## WORK INSTRUCTION
Determine the count of lines in the following entries that contain the string "circ". Write only the number.

--- RECORDS SUPPLIED Enclosed Below ---

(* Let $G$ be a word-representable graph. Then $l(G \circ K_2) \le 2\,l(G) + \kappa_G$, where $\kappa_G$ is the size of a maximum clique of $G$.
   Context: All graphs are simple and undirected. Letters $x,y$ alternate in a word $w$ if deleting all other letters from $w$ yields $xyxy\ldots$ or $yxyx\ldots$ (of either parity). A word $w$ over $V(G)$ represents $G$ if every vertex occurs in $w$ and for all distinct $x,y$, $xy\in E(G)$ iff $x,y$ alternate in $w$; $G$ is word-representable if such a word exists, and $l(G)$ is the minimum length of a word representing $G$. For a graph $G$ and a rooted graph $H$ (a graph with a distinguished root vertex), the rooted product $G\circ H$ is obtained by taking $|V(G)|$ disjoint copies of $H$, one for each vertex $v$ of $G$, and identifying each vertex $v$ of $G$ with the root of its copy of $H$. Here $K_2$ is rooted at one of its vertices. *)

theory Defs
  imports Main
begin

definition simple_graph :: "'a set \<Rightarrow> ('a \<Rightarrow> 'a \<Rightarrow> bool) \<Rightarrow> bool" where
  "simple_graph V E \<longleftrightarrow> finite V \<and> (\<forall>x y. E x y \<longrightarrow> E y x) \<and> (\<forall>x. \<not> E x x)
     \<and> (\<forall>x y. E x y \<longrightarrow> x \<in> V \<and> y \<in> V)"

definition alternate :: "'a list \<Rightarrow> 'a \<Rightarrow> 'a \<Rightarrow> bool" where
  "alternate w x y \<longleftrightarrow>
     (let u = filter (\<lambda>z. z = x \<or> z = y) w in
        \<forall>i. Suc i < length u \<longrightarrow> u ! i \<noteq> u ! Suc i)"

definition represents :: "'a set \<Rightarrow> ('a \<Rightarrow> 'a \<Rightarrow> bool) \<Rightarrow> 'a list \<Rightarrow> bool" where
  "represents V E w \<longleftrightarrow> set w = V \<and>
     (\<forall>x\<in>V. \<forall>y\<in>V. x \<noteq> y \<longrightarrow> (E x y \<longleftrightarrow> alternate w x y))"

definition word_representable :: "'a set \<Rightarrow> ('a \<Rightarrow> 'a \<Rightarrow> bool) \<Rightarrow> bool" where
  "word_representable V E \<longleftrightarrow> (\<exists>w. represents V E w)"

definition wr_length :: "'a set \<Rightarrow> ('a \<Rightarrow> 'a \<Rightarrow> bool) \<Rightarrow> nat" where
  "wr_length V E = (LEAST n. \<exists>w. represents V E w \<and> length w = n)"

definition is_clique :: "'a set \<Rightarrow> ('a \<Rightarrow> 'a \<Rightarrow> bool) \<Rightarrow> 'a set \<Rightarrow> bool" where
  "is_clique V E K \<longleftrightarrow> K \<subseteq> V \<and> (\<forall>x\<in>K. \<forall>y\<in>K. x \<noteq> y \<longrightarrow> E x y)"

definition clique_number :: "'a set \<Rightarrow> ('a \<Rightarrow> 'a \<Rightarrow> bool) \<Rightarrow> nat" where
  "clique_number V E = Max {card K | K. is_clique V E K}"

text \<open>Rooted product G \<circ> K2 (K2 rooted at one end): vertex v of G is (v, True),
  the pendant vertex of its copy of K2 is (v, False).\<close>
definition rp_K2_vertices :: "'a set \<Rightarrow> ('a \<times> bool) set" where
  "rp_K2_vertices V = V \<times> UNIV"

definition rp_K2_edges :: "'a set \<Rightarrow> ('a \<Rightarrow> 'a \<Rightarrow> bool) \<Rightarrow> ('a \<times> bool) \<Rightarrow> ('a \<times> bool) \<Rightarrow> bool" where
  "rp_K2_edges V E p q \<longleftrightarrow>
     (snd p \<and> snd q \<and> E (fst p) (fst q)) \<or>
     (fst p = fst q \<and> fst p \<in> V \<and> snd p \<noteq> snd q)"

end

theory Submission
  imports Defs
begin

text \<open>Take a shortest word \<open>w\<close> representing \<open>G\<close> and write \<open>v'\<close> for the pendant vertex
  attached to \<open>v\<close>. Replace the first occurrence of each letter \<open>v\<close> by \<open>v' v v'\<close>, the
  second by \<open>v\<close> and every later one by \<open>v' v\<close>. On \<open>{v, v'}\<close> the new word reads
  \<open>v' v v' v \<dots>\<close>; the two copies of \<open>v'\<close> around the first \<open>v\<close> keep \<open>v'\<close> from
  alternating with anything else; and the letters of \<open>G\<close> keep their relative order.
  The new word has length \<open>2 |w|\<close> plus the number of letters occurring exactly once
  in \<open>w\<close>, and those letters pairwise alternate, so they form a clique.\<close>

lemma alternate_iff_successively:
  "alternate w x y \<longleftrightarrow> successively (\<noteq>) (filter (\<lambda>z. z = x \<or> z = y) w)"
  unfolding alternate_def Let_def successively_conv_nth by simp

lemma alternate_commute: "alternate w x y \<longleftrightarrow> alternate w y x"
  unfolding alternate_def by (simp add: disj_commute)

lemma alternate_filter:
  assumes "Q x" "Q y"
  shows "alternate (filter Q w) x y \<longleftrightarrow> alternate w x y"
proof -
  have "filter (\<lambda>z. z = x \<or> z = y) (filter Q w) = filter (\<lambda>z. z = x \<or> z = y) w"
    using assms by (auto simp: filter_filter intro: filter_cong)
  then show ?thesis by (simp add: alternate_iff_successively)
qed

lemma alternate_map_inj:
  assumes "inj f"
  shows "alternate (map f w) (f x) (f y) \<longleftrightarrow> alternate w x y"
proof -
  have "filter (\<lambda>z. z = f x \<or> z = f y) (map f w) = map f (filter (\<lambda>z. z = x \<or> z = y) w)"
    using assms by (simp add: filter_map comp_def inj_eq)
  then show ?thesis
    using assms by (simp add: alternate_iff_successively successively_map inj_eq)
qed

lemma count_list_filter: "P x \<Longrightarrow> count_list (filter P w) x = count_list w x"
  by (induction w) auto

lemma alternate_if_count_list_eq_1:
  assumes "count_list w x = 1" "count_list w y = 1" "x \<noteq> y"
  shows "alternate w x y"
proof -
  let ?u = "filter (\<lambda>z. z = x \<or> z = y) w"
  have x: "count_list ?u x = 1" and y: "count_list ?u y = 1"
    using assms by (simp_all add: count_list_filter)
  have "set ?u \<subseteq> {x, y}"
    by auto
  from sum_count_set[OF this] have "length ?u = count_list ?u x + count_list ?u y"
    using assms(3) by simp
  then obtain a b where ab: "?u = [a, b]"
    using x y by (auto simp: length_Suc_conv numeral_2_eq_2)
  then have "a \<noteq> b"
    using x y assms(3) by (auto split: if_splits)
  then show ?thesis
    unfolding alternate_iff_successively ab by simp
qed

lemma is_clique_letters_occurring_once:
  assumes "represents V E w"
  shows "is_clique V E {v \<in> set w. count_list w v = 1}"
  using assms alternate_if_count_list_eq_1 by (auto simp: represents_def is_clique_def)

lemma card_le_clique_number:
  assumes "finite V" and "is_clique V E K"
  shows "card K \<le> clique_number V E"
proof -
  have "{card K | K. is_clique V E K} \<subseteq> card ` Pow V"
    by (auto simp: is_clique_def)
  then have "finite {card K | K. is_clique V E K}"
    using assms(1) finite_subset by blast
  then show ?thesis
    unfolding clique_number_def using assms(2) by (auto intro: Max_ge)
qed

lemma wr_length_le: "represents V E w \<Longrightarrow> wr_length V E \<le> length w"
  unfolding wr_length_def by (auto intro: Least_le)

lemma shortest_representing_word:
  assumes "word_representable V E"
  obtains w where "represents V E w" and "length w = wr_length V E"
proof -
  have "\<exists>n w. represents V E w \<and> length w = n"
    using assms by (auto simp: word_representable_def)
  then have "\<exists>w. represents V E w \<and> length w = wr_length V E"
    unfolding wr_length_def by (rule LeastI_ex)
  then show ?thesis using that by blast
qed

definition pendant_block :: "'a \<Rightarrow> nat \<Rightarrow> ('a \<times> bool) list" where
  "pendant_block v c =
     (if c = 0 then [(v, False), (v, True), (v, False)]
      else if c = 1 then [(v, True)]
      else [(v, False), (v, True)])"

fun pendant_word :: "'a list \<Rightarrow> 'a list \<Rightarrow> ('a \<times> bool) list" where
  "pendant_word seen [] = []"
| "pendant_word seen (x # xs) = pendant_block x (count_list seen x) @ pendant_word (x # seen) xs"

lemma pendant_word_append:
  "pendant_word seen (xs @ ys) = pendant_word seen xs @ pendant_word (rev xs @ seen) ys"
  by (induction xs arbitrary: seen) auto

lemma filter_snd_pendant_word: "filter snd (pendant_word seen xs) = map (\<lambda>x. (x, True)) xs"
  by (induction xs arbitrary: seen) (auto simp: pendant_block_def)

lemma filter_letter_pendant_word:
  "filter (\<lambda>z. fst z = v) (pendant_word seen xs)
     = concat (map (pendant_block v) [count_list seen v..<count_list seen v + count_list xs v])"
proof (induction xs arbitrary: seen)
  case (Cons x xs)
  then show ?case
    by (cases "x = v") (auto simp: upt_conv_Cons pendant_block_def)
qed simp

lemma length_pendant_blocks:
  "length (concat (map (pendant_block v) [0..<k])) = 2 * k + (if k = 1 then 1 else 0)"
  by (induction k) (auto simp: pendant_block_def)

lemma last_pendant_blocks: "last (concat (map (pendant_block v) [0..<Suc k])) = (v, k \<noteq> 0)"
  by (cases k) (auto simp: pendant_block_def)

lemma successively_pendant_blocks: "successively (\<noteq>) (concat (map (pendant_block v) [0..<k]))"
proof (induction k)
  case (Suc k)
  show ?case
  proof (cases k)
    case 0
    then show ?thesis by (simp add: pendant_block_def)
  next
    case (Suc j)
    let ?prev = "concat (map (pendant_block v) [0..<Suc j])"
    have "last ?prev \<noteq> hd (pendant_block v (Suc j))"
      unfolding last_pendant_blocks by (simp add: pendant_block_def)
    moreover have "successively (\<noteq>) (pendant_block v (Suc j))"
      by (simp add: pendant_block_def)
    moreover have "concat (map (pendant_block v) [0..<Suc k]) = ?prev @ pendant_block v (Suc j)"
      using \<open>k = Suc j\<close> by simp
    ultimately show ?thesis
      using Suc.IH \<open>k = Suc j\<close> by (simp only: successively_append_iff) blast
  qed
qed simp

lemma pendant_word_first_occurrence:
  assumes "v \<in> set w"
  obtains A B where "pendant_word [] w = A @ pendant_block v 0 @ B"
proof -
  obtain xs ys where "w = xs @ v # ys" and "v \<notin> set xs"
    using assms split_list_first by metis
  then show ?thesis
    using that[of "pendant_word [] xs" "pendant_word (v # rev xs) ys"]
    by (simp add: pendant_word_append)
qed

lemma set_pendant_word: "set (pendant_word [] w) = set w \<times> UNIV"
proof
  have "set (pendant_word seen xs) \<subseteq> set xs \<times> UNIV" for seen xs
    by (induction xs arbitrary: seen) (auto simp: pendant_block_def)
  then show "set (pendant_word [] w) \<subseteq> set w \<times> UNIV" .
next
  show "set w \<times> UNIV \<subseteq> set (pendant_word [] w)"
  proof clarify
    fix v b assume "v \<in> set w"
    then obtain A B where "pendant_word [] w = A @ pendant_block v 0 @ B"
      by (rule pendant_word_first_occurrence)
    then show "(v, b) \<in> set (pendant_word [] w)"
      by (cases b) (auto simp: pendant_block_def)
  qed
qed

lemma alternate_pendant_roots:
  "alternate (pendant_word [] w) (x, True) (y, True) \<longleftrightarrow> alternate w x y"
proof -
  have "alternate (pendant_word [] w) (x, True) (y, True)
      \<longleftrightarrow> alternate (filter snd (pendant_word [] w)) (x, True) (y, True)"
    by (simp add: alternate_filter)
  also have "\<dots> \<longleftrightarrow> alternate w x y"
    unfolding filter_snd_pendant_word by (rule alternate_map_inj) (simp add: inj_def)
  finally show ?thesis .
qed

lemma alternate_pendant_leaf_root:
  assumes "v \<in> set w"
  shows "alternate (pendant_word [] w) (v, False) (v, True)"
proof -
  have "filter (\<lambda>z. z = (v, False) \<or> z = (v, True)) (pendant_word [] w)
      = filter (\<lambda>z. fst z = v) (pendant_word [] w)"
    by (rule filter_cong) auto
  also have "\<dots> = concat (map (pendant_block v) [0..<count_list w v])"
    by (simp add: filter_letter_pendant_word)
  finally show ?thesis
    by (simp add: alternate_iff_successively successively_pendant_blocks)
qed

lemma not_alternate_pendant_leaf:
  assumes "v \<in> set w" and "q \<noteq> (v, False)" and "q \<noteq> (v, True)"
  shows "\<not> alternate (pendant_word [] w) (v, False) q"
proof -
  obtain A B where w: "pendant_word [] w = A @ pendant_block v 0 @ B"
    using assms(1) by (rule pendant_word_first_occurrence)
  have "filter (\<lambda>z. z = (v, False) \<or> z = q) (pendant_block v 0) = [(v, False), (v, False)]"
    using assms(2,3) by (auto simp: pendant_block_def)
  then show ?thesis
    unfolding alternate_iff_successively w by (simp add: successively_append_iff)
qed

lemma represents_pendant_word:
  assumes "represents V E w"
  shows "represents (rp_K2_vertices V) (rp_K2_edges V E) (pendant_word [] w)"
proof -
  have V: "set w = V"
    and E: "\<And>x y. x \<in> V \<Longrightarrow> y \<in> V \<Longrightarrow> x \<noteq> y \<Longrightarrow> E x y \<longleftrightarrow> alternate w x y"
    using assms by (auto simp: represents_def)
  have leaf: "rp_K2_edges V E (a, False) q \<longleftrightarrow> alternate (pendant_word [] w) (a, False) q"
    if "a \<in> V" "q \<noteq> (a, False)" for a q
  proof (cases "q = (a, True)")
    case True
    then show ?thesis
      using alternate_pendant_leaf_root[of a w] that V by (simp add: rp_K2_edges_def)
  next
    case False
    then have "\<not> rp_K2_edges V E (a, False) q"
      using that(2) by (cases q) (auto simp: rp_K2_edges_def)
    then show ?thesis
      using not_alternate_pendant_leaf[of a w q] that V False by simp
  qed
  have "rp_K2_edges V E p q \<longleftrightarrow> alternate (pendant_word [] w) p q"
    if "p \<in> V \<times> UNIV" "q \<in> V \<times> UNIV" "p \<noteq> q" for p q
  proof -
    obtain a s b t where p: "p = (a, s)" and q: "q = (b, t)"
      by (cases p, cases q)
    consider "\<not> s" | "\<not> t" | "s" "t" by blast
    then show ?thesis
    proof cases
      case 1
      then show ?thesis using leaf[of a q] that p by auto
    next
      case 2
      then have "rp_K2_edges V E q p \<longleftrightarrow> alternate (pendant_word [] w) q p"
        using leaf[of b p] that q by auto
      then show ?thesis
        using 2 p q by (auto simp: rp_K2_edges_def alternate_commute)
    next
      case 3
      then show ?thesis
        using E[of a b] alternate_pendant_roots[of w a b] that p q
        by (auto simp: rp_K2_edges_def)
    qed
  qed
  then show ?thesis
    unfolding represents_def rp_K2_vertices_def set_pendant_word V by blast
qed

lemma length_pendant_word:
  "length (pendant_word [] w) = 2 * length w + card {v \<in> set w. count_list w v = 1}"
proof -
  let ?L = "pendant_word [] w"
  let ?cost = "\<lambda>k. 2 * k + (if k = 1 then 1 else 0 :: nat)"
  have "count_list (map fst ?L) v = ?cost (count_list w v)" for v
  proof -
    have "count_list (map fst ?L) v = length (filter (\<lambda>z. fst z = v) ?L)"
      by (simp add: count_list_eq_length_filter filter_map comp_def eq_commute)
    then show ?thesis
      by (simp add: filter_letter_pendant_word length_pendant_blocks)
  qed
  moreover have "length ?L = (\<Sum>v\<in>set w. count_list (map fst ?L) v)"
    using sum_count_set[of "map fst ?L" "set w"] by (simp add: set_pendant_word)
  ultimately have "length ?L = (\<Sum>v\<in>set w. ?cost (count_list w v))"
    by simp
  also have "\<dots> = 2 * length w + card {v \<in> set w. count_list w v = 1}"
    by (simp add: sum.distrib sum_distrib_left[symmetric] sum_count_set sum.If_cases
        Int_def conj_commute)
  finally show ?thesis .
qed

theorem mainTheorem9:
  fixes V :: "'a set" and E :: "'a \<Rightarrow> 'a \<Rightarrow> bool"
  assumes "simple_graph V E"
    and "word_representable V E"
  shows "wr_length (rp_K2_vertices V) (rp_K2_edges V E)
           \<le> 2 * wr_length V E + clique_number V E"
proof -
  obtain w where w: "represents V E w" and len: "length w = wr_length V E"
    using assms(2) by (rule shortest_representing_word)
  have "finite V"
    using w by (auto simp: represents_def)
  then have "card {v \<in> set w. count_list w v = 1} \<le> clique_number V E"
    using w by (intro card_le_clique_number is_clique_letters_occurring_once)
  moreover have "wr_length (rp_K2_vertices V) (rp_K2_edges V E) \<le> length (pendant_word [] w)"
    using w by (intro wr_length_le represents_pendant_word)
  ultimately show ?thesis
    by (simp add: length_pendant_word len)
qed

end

--- End of Enclosed RECORDS SUPPLIED ---

## SOLUTION TO THIS PROBLEM
3